* **Your instructions**
Take the lines below between the one holding "c4\<bar> \<le> exp (R^2)" and the one holding "add: c4_def power_mult_distrib)", inclusive, and copy them exactly. Add nothing.
++++
lemma col_indep_card_le_generators:
  fixes \<alpha> :: "nat \<Rightarrow> 'l \<Rightarrow> real"
  assumes "col_indep B Y" "finite L"
    "\<And>y i. y \<in> Y \<Longrightarrow> i < dim_row B \<Longrightarrow> B $$ (i,y) = (\<Sum>l\<in>L. \<alpha> y l * g l i)"
  shows "card Y \<le> card L"
proof (rule ccontr)
  assume "\<not> card Y \<le> card L"
  then have lt: "card L < card Y" by simp
  have fin_Y: "finite Y" using assms(1) unfolding col_indep_def using finite_subset by blast
  obtain c where c: "\<forall>l\<in>L. (\<Sum>y\<in>Y. c y * \<alpha> y l) = 0" "\<exists>y\<in>Y. c y \<noteq> 0"
    using homogeneous_system_nontrivial_solution[OF assms(2) fin_Y lt, of \<alpha>] by blast
  have "(\<Sum>j\<in>Y. c j * B $$ (i,j)) = 0" if "i < dim_row B" for i
  proof -
    have "(\<Sum>j\<in>Y. c j * B $$ (i,j)) = (\<Sum>j\<in>Y. \<Sum>l\<in>L. c j * (\<alpha> j l * g l i))"
      using assms(3) that by (simp add: sum_distrib_left)
    also have "\<dots> = (\<Sum>l\<in>L. (\<Sum>j\<in>Y. c j * \<alpha> j l) * g l i)"
      by (subst sum.swap) (simp add: sum_distrib_right mult.assoc)
    also have "\<dots> = 0" using c(1) by simp
    finally show ?thesis .
  qed
  then have "\<forall>j\<in>Y. c j = 0" using assms(1) unfolding col_indep_def by blast
  then show False using c(2) by auto
qed

lemma finite_indep_cards: "finite X \<Longrightarrow> finite {card Y | Y. Y \<subseteq> X \<and> col_indep B Y}"
proof -
  assume "finite X"
  have "{card Y | Y. Y \<subseteq> X \<and> col_indep B Y} \<subseteq> card ` Pow X" by auto
  then show ?thesis using \<open>finite X\<close> finite_subset by blast
qed

lemma col_rank_le_generators:
  fixes \<alpha> :: "nat \<Rightarrow> 'l \<Rightarrow> real"
  assumes "finite X" "finite L"
    "\<And>y i. y \<in> X \<Longrightarrow> i < dim_row B \<Longrightarrow> B $$ (i,y) = (\<Sum>l\<in>L. \<alpha> y l * g l i)"
  shows "col_rank B X \<le> card L"
proof -
  have "col_indep B {}" unfolding col_indep_def by simp
  then have nonempty: "{card Y | Y. Y \<subseteq> X \<and> col_indep B Y} \<noteq> {}" by blast
  have "card Y \<le> card L" if "Y \<subseteq> X" "col_indep B Y" for Y
    by (rule col_indep_card_le_generators[OF that(2) assms(2), where \<alpha> = \<alpha> and g = g])
      (use assms(3) that(1) in blast)
  then show ?thesis
    unfolding col_rank_def using Max_le_iff[OF finite_indep_cards[OF assms(1)] nonempty] by blast
qed

lemma col_rank_ge:
  assumes "finite X" "Y \<subseteq> X" "col_indep B Y"
  shows "card Y \<le> col_rank B X"
  unfolding col_rank_def by (rule Max_ge[OF finite_indep_cards[OF assms(1)]]) (use assms in blast)

lemma sum_delta_mult:
  "finite S \<Longrightarrow> (\<Sum>l\<in>S. f l * (if i = l then 1 else (0::real))) = (if i \<in> S then f i else 0)"
  by (simp add: if_distrib[of "\<lambda>x. _ * x"] cong: if_cong)

lemma id_append_index:
  "i < dim_row A \<Longrightarrow> y < dim_row A + dim_col A \<Longrightarrow> id_append A $$ (i,y) =
   (if y < dim_row A then (if i = y then 1 else 0) else A $$ (i, y - dim_row A))"
  by (simp add: id_append_def)

text \<open>The identity part of [I | A] is independent, so the whole ground set has rank at least
  the number of rows.\<close>
lemma col_rank_id_append:
  "dim_row A \<le> col_rank (id_append A) {..<dim_row A + dim_col A}"
proof -
  let ?B = "id_append A" and ?m = "dim_row A"
  have "col_indep ?B {..<?m}" unfolding col_indep_def
  proof (intro conjI allI impI ballI)
    show "{..<?m} \<subseteq> {..<dim_col ?B}" by (simp add: id_append_def)
    fix c :: "nat \<Rightarrow> real" and j
    assume h: "\<forall>i<dim_row ?B. (\<Sum>j\<in>{..<?m}. c j * ?B $$ (i, j)) = 0" "j \<in> {..<?m}"
    have "(\<Sum>l\<in>{..<?m}. c l * ?B $$ (j, l)) = (\<Sum>l\<in>{..<?m}. c l * (if j = l then 1 else 0))"
      by (rule sum.cong) (use h(2) in \<open>auto simp: id_append_index\<close>)
    also have "\<dots> = c j" using h(2) by (subst sum_delta_mult) auto
    finally show "c j = 0" using h by (auto simp: id_append_def)
  qed
  then have "card {..<?m} \<le> col_rank ?B {..<?m + dim_col A}" by (rule col_rank_ge[rotated 2]) auto
  then show ?thesis by simp
qed

section \<open>A maximal block of nonzero entries\<close>

locale maximal_block =
  fixes N :: "real mat" and m n :: nat and R C :: "nat set"
  assumes carrier: "N \<in> carrier_mat m n"
    and TU: "totally_unimodular N"
    and R_sub: "R \<subseteq> {..<m}" and C_sub: "C \<subseteq> {..<n}"
    and R_card: "2 \<le> card R" and C_card: "2 \<le> card C"
    and block_nz: "\<And>i j. i \<in> R \<Longrightarrow> j \<in> C \<Longrightarrow> N $$ (i,j) \<noteq> 0"
    and R_maximal: "\<And>i. i < m \<Longrightarrow> i \<notin> R \<Longrightarrow> \<exists>j\<in>C. N $$ (i,j) = 0"
    and C_maximal: "\<And>j. j < n \<Longrightarrow> j \<notin> C \<Longrightarrow> \<exists>i\<in>R. N $$ (i,j) = 0"
begin

lemma dim_N [simp]: "dim_row N = m" "dim_col N = n"
  using carrier by auto

lemma nonzero_entry_pm1: "i < m \<Longrightarrow> j < n \<Longrightarrow> N $$ (i,j) \<noteq> 0 \<Longrightarrow> N $$ (i,j) \<in> {1,-1}"
  using TU_entry[OF TU] by fastforce

lemma block_rank_one:
  assumes "i \<in> R" "j \<in> C" "a0 \<in> R" "c0 \<in> C"
  shows "N $$ (i,j) = N $$ (a0,j) / N $$ (a0,c0) * N $$ (i,c0)"
proof -
  have "N $$ (i,j) * N $$ (a0,c0) = N $$ (a0,j) * N $$ (i,c0)"
    by (rule TU_nonzero_2x2_rank_one[OF TU]) (use assms R_sub C_sub block_nz in auto)
  then show ?thesis using block_nz[OF assms(3,4)] by (simp add: field_simps)
qed

definition "R1 = {i. i < m \<and> i \<notin> R \<and> (\<exists>j\<in>C. N $$ (i,j) \<noteq> 0)}"
definition "R0 = {i. i < m \<and> i \<notin> R \<and> (\<forall>j\<in>C. N $$ (i,j) = 0)}"
definition "C1 = {j. j < n \<and> j \<notin> C \<and> (\<exists>i\<in>R. N $$ (i,j) \<noteq> 0)}"
definition "C0 = {j. j < n \<and> j \<notin> C \<and> (\<forall>i\<in>R. N $$ (i,j) = 0)}"

inductive reach_row :: "nat \<Rightarrow> bool" and reach_col :: "nat \<Rightarrow> bool" where
  reach_R1: "i \<in> R1 \<Longrightarrow> reach_row i"
| reach_R0: "reach_col j \<Longrightarrow> i \<in> R0 \<Longrightarrow> N $$ (i,j) \<noteq> 0 \<Longrightarrow> reach_row i"
| reach_C0: "reach_row i \<Longrightarrow> j \<in> C0 \<Longrightarrow> N $$ (i,j) \<noteq> 0 \<Longrightarrow> reach_col j"
lemma abs_le_imp_even_powers_le:
  fixes x R :: real assumes "\<bar>x\<bar> \<le> R"
  shows "x^2 \<le> R^2" "x^4 \<le> R^4" "x^6 \<le> R^6" "x^8 \<le> R^8"
  using power_mono[OF assms abs_ge_zero] by (metis power_even_abs even_numeral)+

lemma cosh_gauss_taylor:
  fixes R :: real
  shows "\<exists>K. \<forall>x t. \<bar>x\<bar> \<le> R \<longrightarrow> \<bar>t\<bar> \<le> R \<longrightarrow>
    \<bar>cosh (x * t) * exp (- (t^2) / 2) - (1 + (x^2 - 1) * t^2 / 2 + (x^4 - 6 * x^2 + 3) * t^4 / 24)\<bar>
      \<le> K * t^6"
proof (intro exI allI impI)
  fix x t :: real assume x: "\<bar>x\<bar> \<le> R" and t: "\<bar>t\<bar> \<le> R"
  define c4 where "c4 = 1 + (x*t)^2/2 + (x*t)^4/24"
  define e4 where "e4 = 1 - t^2/2 + t^4/8"
  define q where "q = 1 + (x^2 - 1) * t^2 / 2 + (x^4 - 6 * x^2 + 3) * t^4 / 24"
  note xR = abs_le_imp_even_powers_le[OF x] and tR = abs_le_imp_even_powers_le[OF t]
  have xt: "\<bar>x * t\<bar> \<le> R^2"
    unfolding abs_mult power2_eq_square using x t by (intro mult_mono) auto
  have cosh: "\<bar>cosh (x * t)\<bar> \<le> exp (R^2)"
    using order_trans[OF cosh_le_exp_abs exp_mono[OF xt]] by simp
  have exp: "\<bar>exp (- (t^2) / 2) - e4\<bar> \<le> exp (R^2/2) * (t^6/48)"
  proof -
    have "\<bar>exp (- (t^2) / 2) - e4\<bar> \<le> exp (t^2/2) * (t^6/48)"
      using exp_taylor2_remainder[of "- (t^2) / 2"]
      by (simp add: e4_def power_divide flip: power_mult)
    also have "\<dots> \<le> exp (R^2/2) * (t^6/48)"
      using tR by (intro mult_right_mono) auto
    finally show ?thesis .
  qed
  have cosh_c4: "\<bar>cosh (x * t) - c4\<bar> \<le> exp (R^2) * R^6 / 720 * t^6"
  proof -
    have "\<bar>cosh (x * t) - c4\<bar> \<le> exp \<bar>x * t\<bar> * x^6 / 720 * t^6"
      using cosh_taylor4_remainder[of "x * t"] by (simp add: c4_def power_mult_distrib)
    also have "\<dots> \<le> exp (R^2) * R^6 / 720 * t^6"
      using xt xR by (intro mult_right_mono divide_right_mono mult_mono) auto
    finally show ?thesis .
  qed
  have "0 \<le> t^2" "0 \<le> t^4" "0 \<le> R^2" "0 \<le> R^4"
    by simp_all
  then have e4: "\<bar>e4\<bar> \<le> 1 + R^2/2 + R^4/8"
    using tR unfolding e4_def abs_le_iff by (intro conjI; linarith)
  have poly: "\<bar>c4 * e4 - q\<bar> \<le> (R^2/16 + R^4/48 + R^6/192) * t^6"
  proof -
    have "x^4 * t^2 \<le> R^4 * R^2"
      using xR tR by (intro mult_mono) auto
    then have "x^4 * t^2 \<le> R^6"
      by (simp flip: power_add)
    moreover have "0 \<le> x^2" "0 \<le> x^4" "0 \<le> x^4 * t^2" "0 \<le> R^2" "0 \<le> R^4"
      by simp_all
    ultimately have "\<bar>x^2/16 - x^4/48 + x^4 * t^2/192\<bar> \<le> R^2/16 + R^4/48 + R^6/192"
      using xR unfolding abs_le_iff by (intro conjI; linarith)
    then show ?thesis
      unfolding c4_def e4_def q_def cosh_gauss_taylor_product abs_mult by (simp add: mult_right_mono)
  qed
  define P1 where "P1 = cosh (x * t) * (exp (- (t^2) / 2) - e4)"
  define P2 where "P2 = (cosh (x * t) - c4) * e4"
  have "cosh (x * t) * exp (- (t^2) / 2) - q = P1 + P2 + (c4 * e4 - q)"
    by (simp add: P1_def P2_def algebra_simps)
  then have "\<bar>cosh (x * t) * exp (- (t^2) / 2) - q\<bar> \<le> \<bar>P1\<bar> + \<bar>P2\<bar> + \<bar>c4 * e4 - q\<bar>"
    using abs_triangle_ineq[of "P1 + P2" "c4 * e4 - q"] abs_triangle_ineq[of P1 P2] by linarith
  also have "\<dots> \<le> exp (R^2) * (exp (R^2/2) * (t^6/48)) + exp (R^2) * R^6 / 720 * t^6 * (1 + R^2/2 + R^4/8)
      + (R^2/16 + R^4/48 + R^6/192) * t^6"
    unfolding P1_def P2_def abs_mult using cosh exp cosh_c4 e4 poly by (intro add_mono mult_mono) auto
  also have "\<dots> = (exp (R^2) * exp (R^2/2) / 48 + exp (R^2) * R^6 / 720 * (1 + R^2/2 + R^4/8)
      + (R^2/16 + R^4/48 + R^6/192)) * t^6"
    by (simp add: algebra_simps)
  finally show "\<bar>cosh (x * t) * exp (- (t^2) / 2) - q\<bar>
      \<le> (exp (R^2) * exp (R^2/2) / 48 + exp (R^2) * R^6 / 720 * (1 + R^2/2 + R^4/8)
        + (R^2/16 + R^4/48 + R^6/192)) * t^6" .
qed

lemma window_mass_taylor:
  fixes R :: real
  shows "\<exists>K. \<forall>x a. \<bar>x\<bar> \<le> R \<longrightarrow> 0 \<le> a \<longrightarrow> a \<le> R \<longrightarrow>
    \<bar>window_mass x a - (a + (x^2 - 1) * a^3 / 6 + (x^4 - 6 * x^2 + 3) * a^5 / 120)\<bar> \<le> K * a^7"
proof -
  obtain K where K: "\<And>x t. \<bar>x\<bar> \<le> R \<Longrightarrow> \<bar>t\<bar> \<le> R \<Longrightarrow>
      \<bar>cosh (x * t) * exp (- (t^2) / 2) - (1 + (x^2 - 1) * t^2 / 2 + (x^4 - 6 * x^2 + 3) * t^4 / 24)\<bar>
        \<le> K * t^6"
    using cosh_gauss_taylor[of R] by blast
  have "\<bar>window_mass x a - (a + (x^2 - 1) * a^3 / 6 + (x^4 - 6 * x^2 + 3) * a^5 / 120)\<bar> \<le> K / 7 * a^7"
    if x: "\<bar>x\<bar> \<le> R" and a: "0 \<le> a" "a \<le> R" for x a
  proof -
    define Q where "Q c t = t + (x^2 - 1) * t^3 / 6 + (x^4 - 6 * x^2 + 3) * t^5 / 120 + c * (K / 7 * t^7)"
      for c t :: real
    have Q: "(Q c has_real_derivative
        1 + (x^2 - 1) * t^2 / 2 + (x^4 - 6 * x^2 + 3) * t^4 / 24 + c * (K * t^6)) (at t)" for c t
      unfolding Q_def by (auto intro!: derivative_eq_intros)
        (simp add: algebra_simps power2_eq_square power3_eq_cube power4_eq_xxxx add_divide_distrib diff_divide_distrib)
    have K': "\<bar>cosh (x * t) * exp (- (t^2) / 2) - (1 + (x^2 - 1) * t^2 / 2 + (x^4 - 6 * x^2 + 3) * t^4 / 24)\<bar>
        \<le> K * t^6" if "0 \<le> t" "t \<le> a" for t
      using K[OF x, of t] that a by simp
    have "window_mass x a \<le> Q 1 a"
    proof (rule DERIV_le_imp_le[OF a(1) _ has_real_derivative_window_mass Q])
      fix t assume "0 \<le> t" "t \<le> a"
      from K'[OF this] show "cosh (x * t) * exp (- (t^2) / 2)
          \<le> 1 + (x^2 - 1) * t^2 / 2 + (x^4 - 6 * x^2 + 3) * t^4 / 24 + 1 * (K * t^6)"
        unfolding abs_le_iff by simp
    qed (simp add: Q_def)
    moreover have "Q (-1) a \<le> window_mass x a"
    proof (rule DERIV_le_imp_le[OF a(1) _ Q has_real_derivative_window_mass])
      fix t assume "0 \<le> t" "t \<le> a"
      from K'[OF this] show "1 + (x^2 - 1) * t^2 / 2 + (x^4 - 6 * x^2 + 3) * t^4 / 24 + (-1) * (K * t^6)
          \<le> cosh (x * t) * exp (- (t^2) / 2)"
        unfolding abs_le_iff by simp
    qed (simp add: Q_def)
    ultimately show ?thesis
      unfolding Q_def abs_le_iff by simp
  qed
  then show ?thesis by blast
qed

lemma exp_quadratic_taylor:
  fixes \<alpha> \<beta> s A B S :: real
  assumes "\<bar>\<alpha>\<bar> \<le> A" "\<bar>\<beta>\<bar> \<le> B" "\<bar>s\<bar> \<le> S"
  shows "\<bar>exp (\<alpha> * s + \<beta> * s^2) - (1 + \<alpha> * s + (\<beta> + \<alpha>^2/2) * s^2)\<bar>
    \<le> (exp ((A + B * S) * S) * (A + B * S)^3 / 6 + A * B + B^2 * S / 2) * \<bar>s\<bar>^3"
proof -
  define p where "p = \<alpha> * s + \<beta> * s^2"
  define D where "D = (\<alpha> * \<beta> + \<beta>^2 * s / 2) * s^3"
  have AB: "0 \<le> A" "0 \<le> B" "0 \<le> S" using assms by auto
  have "\<bar>p\<bar> \<le> \<bar>\<alpha> * s\<bar> + \<bar>\<beta> * s^2\<bar>"
    unfolding p_def by (rule abs_triangle_ineq)
  also have "\<dots> = \<bar>\<alpha>\<bar> * \<bar>s\<bar> + \<bar>\<beta>\<bar> * \<bar>s\<bar> * \<bar>s\<bar>"
    by (simp add: abs_mult power2_eq_square)
  also have "\<dots> \<le> A * \<bar>s\<bar> + B * S * \<bar>s\<bar>"
    using assms AB by (intro add_mono mult_mono) auto
  finally have p: "\<bar>p\<bar> \<le> (A + B * S) * \<bar>s\<bar>"
    by (simp add: algebra_simps)
  also have "\<dots> \<le> (A + B * S) * S"
    using assms AB by (intro mult_left_mono) auto
  finally have "exp \<bar>p\<bar> \<le> exp ((A + B * S) * S)"
    by simp
  then have "exp \<bar>p\<bar> * \<bar>p\<bar>^3 / 6 \<le> exp ((A + B * S) * S) * ((A + B * S) * \<bar>s\<bar>)^3 / 6"
    using p by (intro divide_right_mono mult_mono power_mono) auto
  then have exp: "\<bar>exp p - (1 + p + p^2/2)\<bar> \<le> exp ((A + B * S) * S) * (A + B * S)^3 / 6 * \<bar>s\<bar>^3"
    using exp_taylor2_remainder[of p] by (simp add: power_mult_distrib)
  have "\<bar>\<alpha> * \<beta> + \<beta>^2 * s / 2\<bar> \<le> \<bar>\<alpha> * \<beta>\<bar> + \<bar>\<beta>^2 * s / 2\<bar>"
    by (rule abs_triangle_ineq)
  also have "\<dots> = \<bar>\<alpha>\<bar> * \<bar>\<beta>\<bar> + \<bar>\<beta>\<bar>^2 * \<bar>s\<bar> / 2"
    by (simp add: abs_mult power_abs)
  also have "\<dots> \<le> A * B + B^2 * S / 2"
    using assms AB by (intro add_mono mult_mono divide_right_mono power_mono) auto
  finally have D: "\<bar>D\<bar> \<le> (A * B + B^2 * S / 2) * \<bar>s\<bar>^3"
    unfolding D_def abs_mult power_abs by (rule mult_right_mono) simp
  have "exp p - (1 + \<alpha> * s + (\<beta> + \<alpha>^2/2) * s^2) = (exp p - (1 + p + p^2/2)) + D"
    by (simp add: p_def D_def field_simps power2_eq_square power3_eq_cube)
  then have "\<bar>exp p - (1 + \<alpha> * s + (\<beta> + \<alpha>^2/2) * s^2)\<bar> \<le> \<bar>exp p - (1 + p + p^2/2)\<bar> + \<bar>D\<bar>"
    by (simp only: abs_triangle_ineq)
  also have "\<dots> \<le> (exp ((A + B * S) * S) * (A + B * S)^3 / 6 + A * B + B^2 * S / 2) * \<bar>s\<bar>^3"
    using exp D by (simp add: algebra_simps)
  finally show ?thesis
    unfolding p_def .
qed
(* Let $p$ be an odd prime, $q=p^m$, and let $D$ be the set of all nonzero squares in $\mathrm{GF}(q)$. If $m$ is odd, then $\mathcal{C}_D$ is a one-weight code over $\mathrm{GF}(p)$ with parameters $[(q-1)/2,\ m,\ (p-1)q/(2p)]$. If $m$ is even, then $\mathcal{C}_D$ is a two-weight code over $\mathrm{GF}(p)$ with parameters $[(q-1)/2,\ m,\ (p-1)(q-\sqrt q)/(2p)]$ and weight enumerator $1+\frac{q-1}{2}z^{(p-1)(q-\sqrt q)/(2p)}+\frac{q-1}{2}z^{(p-1)(q+\sqrt q)/(2p)}$.
   Context: $\mathrm{Tr}$ denotes the absolute trace from $\mathrm{GF}(q)$ onto $\mathrm{GF}(p)$. For a subset $D=\{d_1,\dots,d_n\}\subseteq\mathrm{GF}(q)$ (listed in a fixed order), $\mathcal{C}_D=\{(\mathrm{Tr}(xd_1),\dots,\mathrm{Tr}(xd_n)) : x\in\mathrm{GF}(q)\}$, a linear code of length $n$ over $\mathrm{GF}(p)$. The weight enumerator of a code of length $n$ is $\sum_{i=0}^n A_iz^i$ where $A_i$ is the number of codewords of Hamming weight $i$; a $t$-weight code is one with exactly $t$ distinct nonzero weights. *)

theory Defs
  imports "HOL-Computational_Algebra.Polynomial"
begin

definition tr :: "nat \<Rightarrow> nat \<Rightarrow> 'a::field \<Rightarrow> 'a" where
  "tr p m x = (\<Sum>i<m. x ^ (p ^ i))"
lemma definable_swap01:
  assumes "\<And>s p. C p \<Longrightarrow> C (subst_fm s p)" and "definable C M P"
  shows "definable C M (\<lambda>e. P (swap01 e))"
proof -
  define f :: "nat \<Rightarrow> nat" where "f = case_nat 1 (case_nat 0 (\<lambda>i. Suc (Suc i)))"
  have "(\<lambda>i. e (f i)) = swap01 e" for e :: "nat \<Rightarrow> 'a"
    unfolding swap01_def f_def by (simp add: fun_eq_iff split: nat.split)
  then show ?thesis
    using definable_rename[OF assms, of f] by simp
qed

lemma definable_succ:
  assumes "\<And>s p. C p \<Longrightarrow> C (subst_fm s p)" and "definable C M P"
  shows "definable C M (\<lambda>e. P (case_nat (pls M (e 0) (one M)) (\<lambda>i. e (Suc i))))"
proof -
  define s where "s = case_nat (Plus (Var 0) One) (\<lambda>i. Var (Suc i))"
  have "(\<lambda>i. evt M e (s i)) = case_nat (pls M (e 0) (one M)) (\<lambda>i. e (Suc i))" for e
    unfolding s_def by (simp add: fun_eq_iff split: nat.split)
  then show ?thesis
    using definable_subst[OF assms, of s] by simp
qed

definition unbounded :: "'a str \<Rightarrow> ('a \<Rightarrow> bool) \<Rightarrow> bool" where
  "unbounded M A \<longleftrightarrow> (\<forall>b. \<exists>x. lss M b x \<and> A x)"

definition all_large :: "'a str \<Rightarrow> ('a \<Rightarrow> bool) \<Rightarrow> bool" where
  "all_large M A \<longleftrightarrow> (\<exists>b. \<forall>x. lss M b x \<longrightarrow> A x)"

lemma all_large_conj:
  assumes PA: "PAminus M" and "all_large M A" and "all_large M B"
  shows "all_large M (\<lambda>x. A x \<and> B x)"
proof -
  obtain a b where a: "\<And>x. lss M a x \<Longrightarrow> A x" and b: "\<And>x. lss M b x \<Longrightarrow> B x"
    using assms(2,3) unfolding all_large_def by blast
  consider "lss M a b" | "a = b" | "lss M b a"
    using PAminus_linear[OF PA] by blast
  then show ?thesis
    unfolding all_large_def by cases (use a b PAminus_less_trans[OF PA] in blast)+
qed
++++
* **Expected output**
  have cosh_c4: "\<bar>cosh (x * t) - c4\<bar> \<le> exp (R^2) * R^6 / 720 * t^6"
  proof -
    have "\<bar>cosh (x * t) - c4\<bar> \<le> exp \<bar>x * t\<bar> * x^6 / 720 * t^6"
      using cosh_taylor4_remainder[of "x * t"] by (simp add: c4_def power_mult_distrib)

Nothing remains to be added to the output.